結局、俺たちが保護できたのは、三十名ほどだった。
そのうち四割ほどが宿泊客で、残りがヴィクターさんら従業員とその家族である。
ここには百名以上の宿泊客と、二百名以上の従業員とその家族がいたらしいので、実に九割近い人が犠牲になったこととなる。
これだけの被害がでた最大の要因として、敵にCランクの異空間移動スキルを持ちが混じっていたことが挙げられる。
この外国村もアンゴルモアにはできる限りの備えをしており、Dランクではあるが数枚の異空間型カードを保有していた。
しかし、敵に異空間移動スキル持ちが混じっていたことにより、マスターであるオーナーが暗殺されてしまい、異空間型カードをロスト。

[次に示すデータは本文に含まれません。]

lemma bishop_numbers_remove_diagonal:
  assumes "finite X" and D: "D = {p \<in> X. diagonal p = c}"
    and covers: "antidiagonal ` X \<subseteq> antidiagonal ` D"
  shows "bishop_numbers X = add_column (int (card D)) (bishop_numbers (X - D))"
proof
  fix k
  show "bishop_numbers X k = add_column (int (card D)) (bishop_numbers (X - D)) k"
  proof (cases k)
    case 0
    then show ?thesis using \<open>finite X\<close> by (simp add: add_column_def bishop_numbers_0)
  next
    case (Suc j)
    define free where "free A = {q \<in> D. antidiagonal q \<notin> antidiagonal ` A}" for A
    let ?Y = "X - D" and ?ins = "\<lambda>(A, q). insert q A"
    have fin: "finite (placements ?Y i)" for i
      using \<open>finite X\<close> by (simp add: finite_placements)
    have split_D: "?ins x - D = fst x" "?ins x \<inter> D = {snd x}"
      if "x \<in> Sigma (placements ?Y j) free" for x
      using that by (auto simp: placements_def free_def)
    have inj: "inj_on ?ins (Sigma (placements ?Y j) free)"
      by (rule inj_onI) (metis split_D prod_eqI singleton_inject)
    have disjoint: "placements ?Y (Suc j) \<inter> ?ins ` Sigma (placements ?Y j) free = {}"
      by (auto simp: placements_def free_def)
    have fin_free: "finite (free A)" for A
      using \<open>finite X\<close> D by (simp add: free_def)
    have "card (placements X (Suc j))
        = card (placements ?Y (Suc j)) + card (?ins ` Sigma (placements ?Y j) free)"
      unfolding placements_Suc_remove_diagonal[OF \<open>finite X\<close> D, of j] free_def[symmetric]
      using disjoint fin fin_free by (intro card_Un_disjoint) auto
    also have "card (?ins ` Sigma (placements ?Y j) free) = (\<Sum>A\<in>placements ?Y j. card (free A))"
      using inj fin fin_free by (simp add: card_image)
    finally have "card (placements X (Suc j))
        = card (placements ?Y (Suc j)) + (\<Sum>A\<in>placements ?Y j. card (free A))" .
    then have "bishop_numbers X (Suc j)
        = bishop_numbers ?Y (Suc j) + (\<Sum>A\<in>placements ?Y j. int (card D) - int j)"
      using card_unblocked_diagonal_cells[OF assms] by (simp add: bishop_numbers_def free_def)
    then show ?thesis
      using Suc by (simp add: add_column_def bishop_numbers_def algebra_simps)
  qed
qed

fun column_pairs :: "nat \<Rightarrow> nat \<Rightarrow> nat \<Rightarrow> int" where
  "column_pairs a 0 = delta0"
| "column_pairs a (Suc n) =
     add_column (int a + 2 * int n) (add_column (int a + 2 * int n) (column_pairs a n))"

lemma column_pairs_2: "column_pairs 2 t = add_column (2 * int t) (column_pairs 1 t)"
proof (induction t)
  case 0
  show ?case by (simp add: add_column_0_delta0)
next
  case (Suc t)
  have "add_column (2 * int t + 2) (add_column (2 * int t) (column_pairs 1 t))
      = add_column (2 * int t + 1) (add_column (2 * int t + 1) (column_pairs 1 t))"
    using add_column_commute[of "2 * int t + 2" "2 * int t"] by (simp add: algebra_simps)
  then show ?case using Suc by (simp add: algebra_simps)
qed

lemma column_pairs_1_Suc: "column_pairs 1 (Suc t) = add_column (2 * int t + 2) (column_pairs 2 t)"
  using add_column_commute[of "2 * int t + 2" "2 * int t" "column_pairs 1 t"]
  by (simp add: column_pairs_2 algebra_simps)

lemma abs_diagonal_less: "p \<in> board m \<Longrightarrow> \<bar>diagonal p\<bar> < int m"
  by (cases p) (auto simp: board_def diagonal_def)

lemma card_board_diagonal_nat: "card {p \<in> board m. diagonal p = int n} = m - n"
proof -
  have "{p \<in> board m. diagonal p = int n} = (\<lambda>i. (i + n, i)) ` {1..m - n}"
    by (auto simp: board_def diagonal_def image_iff)
  moreover have "inj (\<lambda>i. (i + n, i))"
    by (rule injI) simp
  ultimately show ?thesis
    by (simp add: card_image inj_on_subset)
qed

lemma card_board_diagonal: "card {p \<in> board m. diagonal p = c} = m - nat \<bar>c\<bar>"
proof (cases "0 \<le> c")
  case True
  then show ?thesis using card_board_diagonal_nat[of m "nat c"] by simp
next
  case False
  have "{p \<in> board m. diagonal p = c} = prod.swap ` {p \<in> board m. diagonal p = int (nat (- c))}"
    using False by (auto simp: board_def diagonal_def image_iff)
  then show ?thesis
    using card_board_diagonal_nat[of m "nat (- c)"] False by (simp add: card_image)
qed

lemma board_antidiagonal_meets_diagonal:
  assumes p: "p \<in> board m" and "\<bar>c\<bar> \<le> \<bar>diagonal p\<bar>" and "even (diagonal p - c)"
  obtains r where "r \<in> board m" "diagonal r = c" "antidiagonal r = antidiagonal p"
proof -
  obtain a b where ab: "p = (a, b)" by (cases p)
  define s where "s = int a + int b"
  have le: "\<bar>c\<bar> \<le> \<bar>int a - int b\<bar>" and ev: "even (s + c)"
    using assms ab by (simp_all add: diagonal_def s_def)
  then obtain t where t: "s + c = 2 * t"
    by (elim evenE)
  have "1 \<le> a" "a \<le> m" "1 \<le> b" "b \<le> m"
    using p ab by (auto simp: board_def)
  then have bounds: "1 \<le> t" "t \<le> int m" "1 \<le> t - c" "t - c \<le> int m"
    using le t unfolding s_def by (auto simp: abs_if split: if_splits)
  have "(nat t, nat (t - c)) \<in> board m"
    "diagonal (nat t, nat (t - c)) = c" "antidiagonal (nat t, nat (t - c)) = antidiagonal p"
    using bounds t ab unfolding s_def by (auto simp: board_def diagonal_def antidiagonal_def)
  then show ?thesis by (rule that)
qed

definition diagonal_cells :: "nat \<Rightarrow> int set \<Rightarrow> (nat \<times> nat) set" where
  "diagonal_cells m S = {p \<in> board m. diagonal p \<in> S}"

lemma bishop_numbers_diagonal_cells_remove:
  assumes "c \<in> S" and extremal: "\<And>d. d \<in> S \<Longrightarrow> \<bar>c\<bar> \<le> \<bar>d\<bar> \<and> even (d - c)"
  shows "bishop_numbers (diagonal_cells m S)
    = add_column (int (m - nat \<bar>c\<bar>)) (bishop_numbers (diagonal_cells m (S - {c})))"
proof -
  let ?X = "diagonal_cells m S"
  define D where "D = {p \<in> ?X. diagonal p = c}"
  have D_eq: "D = {p \<in> board m. diagonal p = c}"
    using \<open>c \<in> S\<close> by (auto simp: D_def diagonal_cells_def)
  have "antidiagonal ` ?X \<subseteq> antidiagonal ` D"
  proof
    fix s assume "s \<in> antidiagonal ` ?X"
    then obtain p where p: "p \<in> board m" "diagonal p \<in> S" "s = antidiagonal p"
      by (auto simp: diagonal_cells_def)
    moreover have "\<bar>c\<bar> \<le> \<bar>diagonal p\<bar>" "even (diagonal p - c)"
      using extremal[OF p(2)] by auto
    ultimately obtain r where "r \<in> board m" "diagonal r = c" "antidiagonal r = s"
      by (metis board_antidiagonal_meets_diagonal)
    then show "s \<in> antidiagonal ` D"
      unfolding D_eq by blast
  qed
  moreover have "finite ?X"
    by (simp add: diagonal_cells_def board_def)
  moreover have "?X - D = diagonal_cells m (S - {c})"
    by (auto simp: D_def diagonal_cells_def)
  ultimately show ?thesis
    using bishop_numbers_remove_diagonal[OF _ D_def] D_eq card_board_diagonal by simp
qed

definition outer_diagonals :: "nat \<Rightarrow> int set" where
  "outer_diagonals e = {d. int e \<le> \<bar>d\<bar> \<and> even (d - int e)}"

lemma outer_diagonals_remove_pair:
  "1 \<le> e \<Longrightarrow> outer_diagonals e - {int e} - {- int e} = outer_diagonals (e + 2)"
  by (auto simp: outer_diagonals_def; presburger)

(* The diagonals \<plusminus>e, \<plusminus>(e + 2), ... have lengths m - e, m - e - 2, ..., down to a. *)
lemma bishop_numbers_outer_diagonals:
  assumes "1 \<le> e" "1 \<le> a" "a \<le> 2" "m + 2 = e + a + 2 * n"
  shows "bishop_numbers (diagonal_cells m (outer_diagonals e)) = column_pairs a n"
  using assms
proof (induction n arbitrary: e)
  case 0
  then have "diagonal_cells m (outer_diagonals e) = {}"
    using abs_diagonal_less by (fastforce simp: diagonal_cells_def outer_diagonals_def)
  then show ?case by (simp add: bishop_numbers_empty)
next
  case (Suc n)
  let ?S = "outer_diagonals e"
  have h: "m - e = a + 2 * n"
    using Suc.prems by simp
  have "bishop_numbers (diagonal_cells m ?S)
      = add_column (int (m - e)) (bishop_numbers (diagonal_cells m (?S - {int e})))"
    using bishop_numbers_diagonal_cells_remove[of "int e" ?S m]
    by (simp add: outer_diagonals_def)
  also have "bishop_numbers (diagonal_cells m (?S - {int e}))
      = add_column (int (m - e)) (bishop_numbers (diagonal_cells m (?S - {int e} - {- int e})))"
    using bishop_numbers_diagonal_cells_remove[of "- int e" "?S - {int e}" m] Suc.prems
    by (simp add: outer_diagonals_def; presburger)
  also have "?S - {int e} - {- int e} = outer_diagonals (e + 2)"
    using Suc.prems(1) by (rule outer_diagonals_remove_pair)
  also have "bishop_numbers (diagonal_cells m (outer_diagonals (e + 2))) = column_pairs a n"
    using Suc.IH Suc.prems by simp
  finally show ?case
    using h by (simp add: algebra_simps)
qed

lemma white_eq_diagonal_cells: "white m = diagonal_cells m (outer_diagonals 0)"
  by (auto simp: white_def diagonal_cells_def outer_diagonals_def diagonal_def)

lemma black_eq_diagonal_cells: "black m = diagonal_cells m (outer_diagonals 1)"
proof -
  have "odd (i + j) \<Longrightarrow> 1 \<le> \<bar>int i - int j\<bar>" for i j :: nat
    by presburger
  then show ?thesis
    by (auto simp: black_def diagonal_cells_def outer_diagonals_def diagonal_def)
qed

lemma bishop_numbers_white:
  "bishop_numbers (white m) = add_column (int m) (bishop_numbers (diagonal_cells m (outer_diagonals 2)))"
proof -
  have "outer_diagonals 0 - {0} = outer_diagonals 2"
    by (auto simp: outer_diagonals_def; presburger)
  then show ?thesis
    using bishop_numbers_diagonal_cells_remove[of 0 "outer_diagonals 0" m]
    by (simp add: white_eq_diagonal_cells outer_diagonals_def)
qed

lemma white_0: "white 0 = {}" and black_0: "black 0 = {}"
  by (simp_all add: white_def black_def board_def)

lemma finite_white: "finite (white m)" and finite_black: "finite (black m)"
  by (simp_all add: white_eq_diagonal_cells black_eq_diagonal_cells diagonal_cells_def board_def)

lemma bishop_numbers_white_even: "bishop_numbers (white (2 * t)) = column_pairs 1 t"
proof (cases t)
  case 0
  then show ?thesis by (simp add: white_0 bishop_numbers_empty)
next
  case (Suc s)
  have "bishop_numbers (diagonal_cells (2 * t) (outer_diagonals 2)) = column_pairs 2 s"
    using Suc by (intro bishop_numbers_outer_diagonals) simp_all
  then show ?thesis
    using Suc column_pairs_1_Suc[of s] by (simp add: bishop_numbers_white algebra_simps)
qed

lemma bishop_numbers_white_odd:
  "bishop_numbers (white (2 * t + 1)) = add_column (2 * int t + 1) (column_pairs 1 t)"
proof -
  have "bishop_numbers (diagonal_cells (2 * t + 1) (outer_diagonals 2)) = column_pairs 1 t"
    by (intro bishop_numbers_outer_diagonals) simp_all
  then show ?thesis
    by (simp add: bishop_numbers_white algebra_simps)
qed

lemma bishop_numbers_black_even: "bishop_numbers (black (2 * t)) = column_pairs 1 t"
  unfolding black_eq_diagonal_cells by (intro bishop_numbers_outer_diagonals) simp_all

lemma bishop_numbers_black_odd: "bishop_numbers (black (2 * t + 1)) = column_pairs 2 t"
  unfolding black_eq_diagonal_cells by (intro bishop_numbers_outer_diagonals) simp_all

lemma bishop_numbers_white_Suc:
  "bishop_numbers (white (Suc m)) = add_column (int m + parity (Suc m)) (bishop_numbers (white m))"
proof (cases "even m")
  case True
  then obtain t where "m = 2 * t" by blast
  then show ?thesis
    using bishop_numbers_white_odd[of t] bishop_numbers_white_even[of t]
    by (simp add: parity_def algebra_simps)
next
  case False
  then obtain t where "m = 2 * t + 1" by (blast elim: oddE)
  moreover have "bishop_numbers (white (2 * Suc t)) = column_pairs 1 (Suc t)"
    by (rule bishop_numbers_white_even)
  ultimately show ?thesis
    using bishop_numbers_white_odd[of t] by (simp add: parity_def algebra_simps)
qed

lemma bishop_numbers_black_Suc:
  "bishop_numbers (black (Suc m)) = add_column (int m + 1 - parity (Suc m)) (bishop_numbers (black m))"
proof (cases "even m")
  case True
  then obtain t where "m = 2 * t" by blast
  then show ?thesis
    using bishop_numbers_black_odd[of t] bishop_numbers_black_even[of t] column_pairs_2[of t]
    by (simp add: parity_def)
next
  case False
  then obtain t where "m = 2 * t + 1" by (blast elim: oddE)
  moreover have "bishop_numbers (black (2 * Suc t)) = column_pairs 1 (Suc t)"
    by (rule bishop_numbers_black_even)
  ultimately show ?thesis
    using bishop_numbers_black_odd[of t] column_pairs_1_Suc[of t]
    by (simp add: parity_def algebra_simps)
qed

definition binomial_Stirling_sum :: "nat \<Rightarrow> nat \<Rightarrow> nat \<Rightarrow> nat" where
  "binomial_Stirling_sum c m n = (\<Sum>j\<le>c. (c choose j) * Stirling (m - j) n)"

lemma binomial_Stirling_sum_Suc_Suc:
  assumes "c \<le> m"
  shows "binomial_Stirling_sum c (Suc m) (Suc n)
    = Suc n * binomial_Stirling_sum c m (Suc n) + binomial_Stirling_sum c m n"
proof -
  have "Suc m - j = Suc (m - j)" if "j \<le> c" for j
    using that assms by simp
  then show ?thesis
    by (simp add: binomial_Stirling_sum_def sum.distrib sum_distrib_left algebra_simps)
qed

その後は、ご覧の有様というわけだ。
よりによって異空間移動スキル持ちがアサシンタイプというのも不幸だった。ここにはヴィクターさんのように自前でDランク、Cランクのカードを保有している人も多く、単に異空間移動スキル持ちが侵入してきただけなら、十分に撃退できるだけの戦力を備えていた。
しかし相手がアサシンタイプであったことにより侵入に気付けず異空間型カードを失い、敵のボスであるBランクによって蹂躙されてしまったというわけだ。
敵に異空間移動スキル持ちがいなければ、それがアサシンタイプでなければ、ここまでの被害者は出なかっただろう。
とにかく、ヴィクターさんから改めて詳しい事情を聞いた俺は、
「……何と言うか、ツイてなかったですね」
としか言いようがなかった。
「まったくだ……今思えば、せめて異空間型カードのマスターをオーナー一人だけじゃなく我々従業員で分散すべきだった」
そう嘆息するヴィクターさんだが、異空間型カードはオーナーの個人財産だったようなのでそれも心情的に難しかっただろう。
持ち逃げ等を考えると、従業員とはいえ簡単に預けることはできない。
シェルターに入り、持ち逃げできなくなってから他の人に分散するという手もあっただろうが、冒険者でもない一般人に緊急時にそこまでの判断を求めるのは酷か……。
「貴方が来てくれなかったら、我々は皆殺しにされていただろう。ここの人間を代表して、改めて礼を言わせてもらう。本当にありがとうございました」
ひとしきり嘆いていたヴィクターさんだったが、やがて我に返ると改めて深々を頭を下げてきた。
「しかし、貴方はどうしてここに? どうやら宿泊客じゃないようだが……」
「俺はただの冒険者ですよ」
俺はここへ来た経緯を簡単に話した。
日本中で地区ごとに空間が隔離される現象が起こっていること。地上に迷宮の階段のようなものが現れたこと。家族や仲間と合流するために階段の先へ向かったところ、八王子からここへ出たこと。
神域やら枷の外れたモンスターたちについては、説明しても混乱させるだけなのでは、今は省いた。
「空間の隔離……そんなことが」
「とにかく、こうなった以上他の避難所に移るべきでしょう。最寄りのギルドは?」
「ううむ……」
俺の問いに、ヴィクターさんは難しい顔で唸った。
「最寄りのギルドは札幌になるが、40キロはあるぞ……」
「よ、四十キロ……?」
俺は思わず絶句した。
北海道の距離感はおかしいと聞いていたが、まさかこれほどとは……。
そこまで遠いとなると、まず確実に札幌のギルドとは隔離されていることだろう。
仕方ない……八王子のギルドを頼るか。果たして北海道の避難民まで受け入れてくれるだろうか。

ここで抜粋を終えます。